Task prompt -
Transcribe only part of the material below: the lines from the one containing "using worth measure_Y YX1 by simp" through the one containing "- X1 \<subseteq>", inclusive, exactly as written.

Supplied records -

(* Let $n=2$, let $\mathcal{D}$ be the set of strictly positive piecewise-constant functions $[0,1]\to\mathbb{R}_{>0}$, and let $\mathcal{M}$ be a mechanism on $\mathcal{D}\times\mathcal{D}$ that is truthful and proportional. Let $F^1=(f_1^1,f_2^1)$ with $f_1^1\equiv f_2^1\equiv 1$ on $[0,1]$, and put $X_1=\mathcal{M}_1(F^1)$, $X_2=\mathcal{M}_2(F^1)$. Assume $X_1,X_2$ are such that the functions below are piecewise-constant (e.g. $X_1,X_2$ finite unions of intervals). Fix $\varepsilon\in(0,1)$ and let $F^2=(f_1^2,f_2^2)$ where $f_1^2\equiv 1$ on $[0,1]$ and $f_2^2(x)=\varepsilon$ for $x\in X_1$, $f_2^2(x)=1$ for $x\in X_2$ (and, say, $f_2^2=1$ on the null set $[0,1]\setminus(X_1\cup X_2)$). Then $|X_1|=|X_2|=\frac12$, and $\mathcal{M}_1(F^2)=X_1$ and $\mathcal{M}_2(F^2)=X_2$ up to sets of Lebesgue measure zero.
   Context: Agent $i$'s utility for a measurable $X\subseteq[0,1]$ is $v_i(X)=\int_X f_i$; $|X|$ is Lebesgue measure. An allocation is a pair of disjoint measurable subsets of $[0,1]$ (not necessarily covering $[0,1]$); $\mathcal{M}_i(F)$ is agent $i$'s piece. Proportional: $v_i(\mathcal{M}_i(F))\ge\frac12 v_i([0,1])$ for each $i$ w.r.t. the reported densities. Truthful: for each agent $i$, any profile and any alternative report $f_i'$ in the domain, agent $i$'s utility (w.r.t. the true $f_i$) from the truthful report is at least that from reporting $f_i'$, the other report held fixed. *)

theory Defs
  imports "HOL-Analysis.Analysis"
begin

text \<open>Densities are functions real => real; a report is identified with its
restriction to [0,1] by requiring it to vanish outside [0,1].\<close>

definition piecewise_const01 :: "(real \<Rightarrow> real) \<Rightarrow> bool" where
  "piecewise_const01 f \<longleftrightarrow>
     (\<exists>xs::real list. sorted_wrt (<) xs \<and> xs \<noteq> [] \<and> hd xs = 0 \<and> last xs = 1 \<and>
        (\<forall>i < length xs - 1. \<exists>c. \<forall>x \<in> {xs ! i <..< xs ! (i+1)}. f x = c))"

definition pc_dom :: "(real \<Rightarrow> real) set" where
  "pc_dom = {f. piecewise_const01 f \<and> (\<forall>x \<in> {0..1}. f x > 0) \<and> (\<forall>x. x \<notin> {0..1} \<longrightarrow> f x = 0)}"

definition util :: "(real \<Rightarrow> real) \<Rightarrow> real set \<Rightarrow> real" where
  "util f X = (\<integral>x\<in>X. f x \<partial>lebesgue)"

definition is_allocation :: "real set \<times> real set \<Rightarrow> bool" where
  "is_allocation A \<longleftrightarrow> fst A \<in> sets lebesgue \<and> snd A \<in> sets lebesgue \<and>
     fst A \<subseteq> {0..1} \<and> snd A \<subseteq> {0..1} \<and> fst A \<inter> snd A = {}"

type_synonym mechanism = "(real \<Rightarrow> real) \<Rightarrow> (real \<Rightarrow> real) \<Rightarrow> real set \<times> real set"

definition valid_mechanism :: "(real \<Rightarrow> real) set \<Rightarrow> mechanism \<Rightarrow> bool" where
  "valid_mechanism D M \<longleftrightarrow> (\<forall>f1\<in>D. \<forall>f2\<in>D. is_allocation (M f1 f2))"

definition proportional :: "(real \<Rightarrow> real) set \<Rightarrow> mechanism \<Rightarrow> bool" where
  "proportional D M \<longleftrightarrow> (\<forall>f1\<in>D. \<forall>f2\<in>D.
      util f1 (fst (M f1 f2)) \<ge> util f1 {0..1} / 2 \<and>
      util f2 (snd (M f1 f2)) \<ge> util f2 {0..1} / 2)"

definition truthful :: "(real \<Rightarrow> real) set \<Rightarrow> mechanism \<Rightarrow> bool" where
  "truthful D M \<longleftrightarrow> (\<forall>f1\<in>D. \<forall>f2\<in>D. \<forall>g\<in>D.
      util f1 (fst (M f1 f2)) \<ge> util f1 (fst (M g f2)) \<and>
      util f2 (snd (M f1 f2)) \<ge> util f2 (snd (M f1 g)))"

end

theory Submission
  imports Defs
begin

text \<open>With both agents reporting the uniform density, proportionality forces each piece to
  have measure 1/2, so the two pieces cover [0,1] up to a null set. When agent 2 devalues
  agent 1's piece to \<open>\<epsilon>\<close>, truthfulness for both possible true densities says that agent 2's new
  piece is no larger than before yet worth at least as much under the devalued density; this
  is only possible if it misses agent 1's old piece, so it is agent 2's old piece up to a
  null set. Agent 1's new piece is disjoint from it and has measure at least 1/2, so it is
  agent 1's old piece up to a null set.\<close>

lemma measure_eq_0_if_subset_Un:
  assumes "S \<subseteq> A \<union> B" "S \<in> sets M" "A \<in> fmeasurable M" "B \<in> fmeasurable M"
    and "measure M A = 0" "measure M B = 0"
  shows "measure M S = 0"
proof -
  have "measure M S \<le> measure M (A \<union> B)"
    using assms by (intro measure_mono_fmeasurable) auto
  also have "\<dots> \<le> measure M A + measure M B"
    using assms by (intro measure_Un_le) auto
  finally show ?thesis
    using assms(5,6) measure_nonneg[of M S] by linarith
qed

lemma measure_sym_diff_eq_0_if_Diff_null:
  assumes A: "A \<in> fmeasurable M" and B: "B \<in> fmeasurable M"
    and null: "measure M (A - B) = 0" and le: "measure M B \<le> measure M A"
  shows "measure M (sym_diff A B) = 0"
proof -
  have "measure M (A \<union> B) = measure M A + measure M (B - A)"
    by (rule measure_Un2[OF A B])
  moreover have "measure M (A \<union> B) = measure M B + measure M (A - B)"
    by (subst Un_commute) (rule measure_Un2[OF B A])
  ultimately have "measure M (B - A) = 0"
    using null le measure_nonneg[of M "B - A"] by linarith
  moreover have "measure M (sym_diff A B) \<le> measure M (A - B) + measure M (B - A)"
    using A B by (intro measure_Un_le) (simp_all add: sets.Diff fmeasurableD)
  ultimately show ?thesis
    using null measure_nonneg[of M "sym_diff A B"] by linarith
qed

lemma measure_disjoint_halves:
  assumes S: "S \<in> fmeasurable M" and "A \<in> sets M" "B \<in> sets M"
    and "A \<union> B \<subseteq> S" "A \<inter> B = {}"
    and "measure M S \<le> 2 * measure M A" "measure M S \<le> 2 * measure M B"
  shows "2 * measure M A = measure M S" "2 * measure M B = measure M S"
    and "measure M (S - (A \<union> B)) = 0"
proof -
  have AB: "A \<union> B \<in> fmeasurable M" and "A \<in> fmeasurable M" "B \<in> fmeasurable M"
    using assms by (auto intro: fmeasurableI2)
  then have "measure M (A \<union> B) = measure M A + measure M B"
    using assms by (intro measure_Union) (auto dest: fmeasurableD2)
  moreover have "measure M (S - (A \<union> B)) = measure M S - measure M (A \<union> B)"
    using AB assms by (intro measurable_measure_Diff) auto
  moreover have "0 \<le> measure M (S - (A \<union> B))"
    by (rule measure_nonneg)
  ultimately show "2 * measure M A = measure M S" "2 * measure M B = measure M S"
    and "measure M (S - (A \<union> B)) = 0"
    using assms(6,7) by linarith+
qed

text \<open>The two bounds on \<open>Y\<close> are agent 2's truthfulness when the uniform density is true and
  when the density devalued to \<open>e\<close> on \<open>X1\<close> is true.\<close>

lemma measure_sym_diff_eq_0_if_devaluation:
  assumes S: "S \<in> fmeasurable M" and X1: "X1 \<in> fmeasurable M" and X2: "X2 \<in> fmeasurable M"
    and Y: "Y \<in> fmeasurable M" "Y \<subseteq> S"
    and cover: "measure M (S - (X1 \<union> X2)) = 0"
    and smaller: "measure M Y \<le> measure M X2"
    and worth: "measure M X2 \<le> e * measure M (Y \<inter> X1) + measure M (Y - X1)"
    and "e < 1"
  shows "measure M (sym_diff Y X2) = 0"
proof -
  have "Y - X1 = Y - (Y \<inter> X1)"
    by blast
  then have measure_Y: "measure M (Y - X1) = measure M Y - measure M (Y \<inter> X1)"
    using Y X1 by (simp add: measurable_measure_Diff fmeasurableD)
  have "(1 - e) * measure M (Y \<inter> X1) = measure M (Y \<inter> X1) - e * measure M (Y \<inter> X1)"
    by (simp add: algebra_simps)
  then have "(1 - e) * measure M (Y \<inter> X1) \<le> (1 - e) * 0"
    using smaller worth measure_Y by linarith
  moreover have "0 < 1 - e"
    using \<open>e < 1\<close> by simp
  ultimately have "measure M (Y \<inter> X1) \<le> 0"
    using mult_le_cancel_left_pos by blast
  then have YX1: "measure M (Y \<inter> X1) = 0"
    using measure_nonneg[of M "Y \<inter> X1"] by linarith
  have "Y \<inter> X1 \<in> fmeasurable M" "S - (X1 \<union> X2) \<in> fmeasurable M"
    using Y X1 X2 S by (simp_all add: fmeasurable_Int_fmeasurable fmeasurable_Diff fmeasurableD)
  moreover have "Y - X2 \<subseteq> (Y \<inter> X1) \<union> (S - (X1 \<union> X2))" "Y - X2 \<in> sets M"
    using Y X2 by (auto simp: sets.Diff fmeasurableD)
  ultimately have "measure M (Y - X2) = 0"
    using YX1 cover measure_eq_0_if_subset_Un by blast
  moreover have "measure M X2 \<le> measure M Y"
    using worth measure_Y YX1 by simp
  ultimately show ?thesis
    using measure_sym_diff_eq_0_if_Diff_null[OF Y(1) X2] by blast
qed

lemma measure_sym_diff_eq_0_if_disjoint_from_complement:
  assumes S: "S \<in> fmeasurable M" and X1: "X1 \<in> fmeasurable M" and X2: "X2 \<in> fmeasurable M"
    and Y1: "Y1 \<in> fmeasurable M" "Y1 \<subseteq> S" and Y2: "Y2 \<in> fmeasurable M"
    and disj: "Y1 \<inter> Y2 = {}" and cover: "measure M (S - (X1 \<union> X2)) = 0"
    and Y2X2: "measure M (sym_diff Y2 X2) = 0"
    and larger: "measure M X1 \<le> measure M Y1"
  shows "measure M (sym_diff Y1 X1) = 0"
proof -
  have "sym_diff Y2 X2 \<in> fmeasurable M" "S - (X1 \<union> X2) \<in> fmeasurable M"
    using Y2 X1 X2 S by (simp_all add: fmeasurable.Un fmeasurable.Diff fmeasurable_Diff fmeasurableD)
  moreover have "Y1 - X1 \<subseteq> sym_diff Y2 X2 \<union> (S - (X1 \<union> X2))" "Y1 - X1 \<in> sets M"
    using Y1 X1 disj by (auto simp: sets.Diff fmeasurableD)
  ultimately have "measure M (Y1 - X1) = 0"
    using Y2X2 cover measure_eq_0_if_subset_Un by blast
  then show ?thesis
    using measure_sym_diff_eq_0_if_Diff_null[OF Y1(1) X1] larger by blast
qed

lemma lmeasurable_if_subset_unit_interval:
  assumes "S \<in> sets lebesgue" "S \<subseteq> {0..1::real}"
  shows "S \<in> lmeasurable"
proof (rule fmeasurableI2)
  show "{0..1::real} \<in> lmeasurable"
    by simp
qed (use assms in auto)

lemma is_allocationD:
  assumes "is_allocation A"
  shows "fst A \<in> lmeasurable" "snd A \<in> lmeasurable" "fst A \<subseteq> {0..1}" "snd A \<subseteq> {0..1}"
    and "fst A \<inter> snd A = {}"
  using assms unfolding is_allocation_def by (auto intro!: lmeasurable_if_subset_unit_interval)

lemma indicator_unit_interval_in_pc_dom: "(indicator {0..1} :: real \<Rightarrow> real) \<in> pc_dom"
proof -
  have "piecewise_const01 (indicator {0..1} :: real \<Rightarrow> real)"
    unfolding piecewise_const01_def
    by (intro exI[of _ "[0, 1]"]) (auto intro!: exI[of _ 1] simp: less_Suc_eq)
  then show ?thesis
    unfolding pc_dom_def by auto
qed

lemma util_indicator_unit_interval:
  assumes "X \<in> sets lebesgue" "X \<subseteq> {0..1::real}"
  shows "util (indicator {0..1}) X = measure lebesgue X"
proof -
  have "(\<lambda>x. indicator X x *\<^sub>R indicator {0..1::real} x) = (indicator X :: real \<Rightarrow> real)"
    using assms(2) by (auto simp: indicator_def fun_eq_iff)
  then show ?thesis
    unfolding util_def set_lebesgue_integral_def by simp
qed

lemma util_two_valued:
  assumes "X \<in> sets lebesgue" "X \<subseteq> {0..1::real}" "A \<in> sets lebesgue"
  shows "util (\<lambda>x. if x \<in> A then e else if x \<in> {0..1} then 1 else 0) X
       = e * measure lebesgue (X \<inter> A) + measure lebesgue (X - A)"
proof -
  have "X \<inter> A \<in> lmeasurable" "X - A \<in> lmeasurable"
    using assms by (simp_all add: lmeasurable_if_subset_unit_interval sets.Int sets.Diff subset_iff)
  then have int: "integrable lebesgue (indicator (X \<inter> A) :: real \<Rightarrow> real)"
    "integrable lebesgue (indicator (X - A) :: real \<Rightarrow> real)"
    by (auto intro!: integrable_real_indicator simp: fmeasurable_def)
  have "(\<lambda>x. indicator X x *\<^sub>R (if x \<in> A then e else if x \<in> {0..1} then 1 else 0))
      = (\<lambda>x. e * indicator (X \<inter> A) x + indicator (X - A) x)"
    using assms(2) by (auto simp: indicator_def fun_eq_iff)
  then have "util (\<lambda>x. if x \<in> A then e else if x \<in> {0..1} then 1 else 0) X
      = (LINT x|lebesgue. e * indicator (X \<inter> A) x) + (LINT x|lebesgue. indicator (X - A) x)"
    unfolding util_def set_lebesgue_integral_def using int by simp
  then show ?thesis
    by simp
qed

theorem proposition2:
  fixes M :: mechanism and \<epsilon> :: real
  assumes "valid_mechanism pc_dom M"
    and "truthful pc_dom M" and "proportional pc_dom M"
    and "0 < \<epsilon>" and "\<epsilon> < 1"
    and "(\<lambda>x. if x \<in> fst (M (indicator {0..1}) (indicator {0..1})) then \<epsilon>
              else if x \<in> {0..1} then 1 else 0) \<in> pc_dom"
  shows "measure lebesgue (fst (M (indicator {0..1}) (indicator {0..1}))) = 1/2
    \<and> measure lebesgue (snd (M (indicator {0..1}) (indicator {0..1}))) = 1/2
    \<and> measure lebesgue
        (sym_diff (fst (M (indicator {0..1})
            (\<lambda>x. if x \<in> fst (M (indicator {0..1}) (indicator {0..1})) then \<epsilon>
                 else if x \<in> {0..1} then 1 else 0)))
          (fst (M (indicator {0..1}) (indicator {0..1})))) = 0
    \<and> measure lebesgue
        (sym_diff (snd (M (indicator {0..1})
            (\<lambda>x. if x \<in> fst (M (indicator {0..1}) (indicator {0..1})) then \<epsilon>
                 else if x \<in> {0..1} then 1 else 0)))
          (snd (M (indicator {0..1}) (indicator {0..1})))) = 0"
proof -
  define u :: "real \<Rightarrow> real" where "u = indicator {0..1}"
  define X1 X2 where "X1 = fst (M u u)" and "X2 = snd (M u u)"
  define g where "g = (\<lambda>x. if x \<in> X1 then \<epsilon> else if x \<in> {0..1} then 1 else (0::real))"
  define Y1 Y2 where "Y1 = fst (M u g)" and "Y2 = snd (M u g)"
  have u: "u \<in> pc_dom" and g: "g \<in> pc_dom"
    using indicator_unit_interval_in_pc_dom assms(6) by (simp_all add: u_def g_def X1_def)
  have "is_allocation (M u u)" "is_allocation (M u g)"
    using assms(1) u g unfolding valid_mechanism_def by blast+
  note X = is_allocationD[OF this(1), folded X1_def X2_def]
    and Y = is_allocationD[OF this(2), folded Y1_def Y2_def]
  have util_u: "util u X = measure lebesgue X" if "X \<in> lmeasurable" "X \<subseteq> {0..1}" for X
    unfolding u_def using that by (simp add: util_indicator_unit_interval fmeasurableD)
  have util_g: "util g X = \<epsilon> * measure lebesgue (X \<inter> X1) + measure lebesgue (X - X1)"
    if "X \<in> lmeasurable" "X \<subseteq> {0..1}" for X
    unfolding g_def using that X(1) by (simp add: util_two_valued fmeasurableD)
  have "util u {0..1} / 2 \<le> util u X1" "util u {0..1} / 2 \<le> util u X2"
    "util u {0..1} / 2 \<le> util u Y1" "util u Y2 \<le> util u X2" "util g X2 \<le> util g Y2"
    using assms(2,3) u g unfolding proportional_def truthful_def X1_def X2_def Y1_def Y2_def
    by blast+
  then have "1 \<le> 2 * measure lebesgue X1" "1 \<le> 2 * measure lebesgue X2"
    "1 \<le> 2 * measure lebesgue Y1" "measure lebesgue Y2 \<le> measure lebesgue X2"
    "measure lebesgue X2 \<le> \<epsilon> * measure lebesgue (Y2 \<inter> X1) + measure lebesgue (Y2 - X1)"
    using X Y util_u[of "{0..1}"] util_u util_g by (auto simp: Diff_triv Int_commute)
  moreover note measure_disjoint_halves[of "{0..1}" lebesgue X1 X2]
  ultimately have halves: "2 * measure lebesgue X1 = 1" "2 * measure lebesgue X2 = 1"
    and cover: "measure lebesgue ({0..1} - (X1 \<union> X2)) = 0"
    and X2_stable: "measure lebesgue (sym_diff Y2 X2) = 0"
    using X Y assms(5) measure_sym_diff_eq_0_if_devaluation[of "{0..1}" lebesgue X1 X2 Y2 \<epsilon>]
    by (auto simp: fmeasurableD)
  then have "measure lebesgue (sym_diff Y1 X1) = 0"
    using X Y \<open>1 \<le> 2 * measure lebesgue Y1\<close>
      measure_sym_diff_eq_0_if_disjoint_from_complement[of "{0..1}" lebesgue X1 X2 Y1 Y2]
    by auto
  then show ?thesis
    using halves X2_stable unfolding Y1_def Y2_def g_def X1_def X2_def u_def by simp
qed

end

Written reply -
    using worth measure_Y YX1 by simp
  ultimately show ?thesis
    using measure_sym_diff_eq_0_if_Diff_null[OF Y(1) X2] by blast
qed

lemma measure_sym_diff_eq_0_if_disjoint_from_complement:
  assumes S: "S \<in> fmeasurable M" and X1: "X1 \<in> fmeasurable M" and X2: "X2 \<in> fmeasurable M"
    and Y1: "Y1 \<in> fmeasurable M" "Y1 \<subseteq> S" and Y2: "Y2 \<in> fmeasurable M"
    and disj: "Y1 \<inter> Y2 = {}" and cover: "measure M (S - (X1 \<union> X2)) = 0"
    and Y2X2: "measure M (sym_diff Y2 X2) = 0"
    and larger: "measure M X1 \<le> measure M Y1"
  shows "measure M (sym_diff Y1 X1) = 0"
proof -
  have "sym_diff Y2 X2 \<in> fmeasurable M" "S - (X1 \<union> X2) \<in> fmeasurable M"
    using Y2 X1 X2 S by (simp_all add: fmeasurable.Un fmeasurable.Diff fmeasurable_Diff fmeasurableD)
  moreover have "Y1 - X1 \<subseteq> sym_diff Y2 X2 \<union> (S - (X1 \<union> X2))" "Y1 - X1 \<in> sets M"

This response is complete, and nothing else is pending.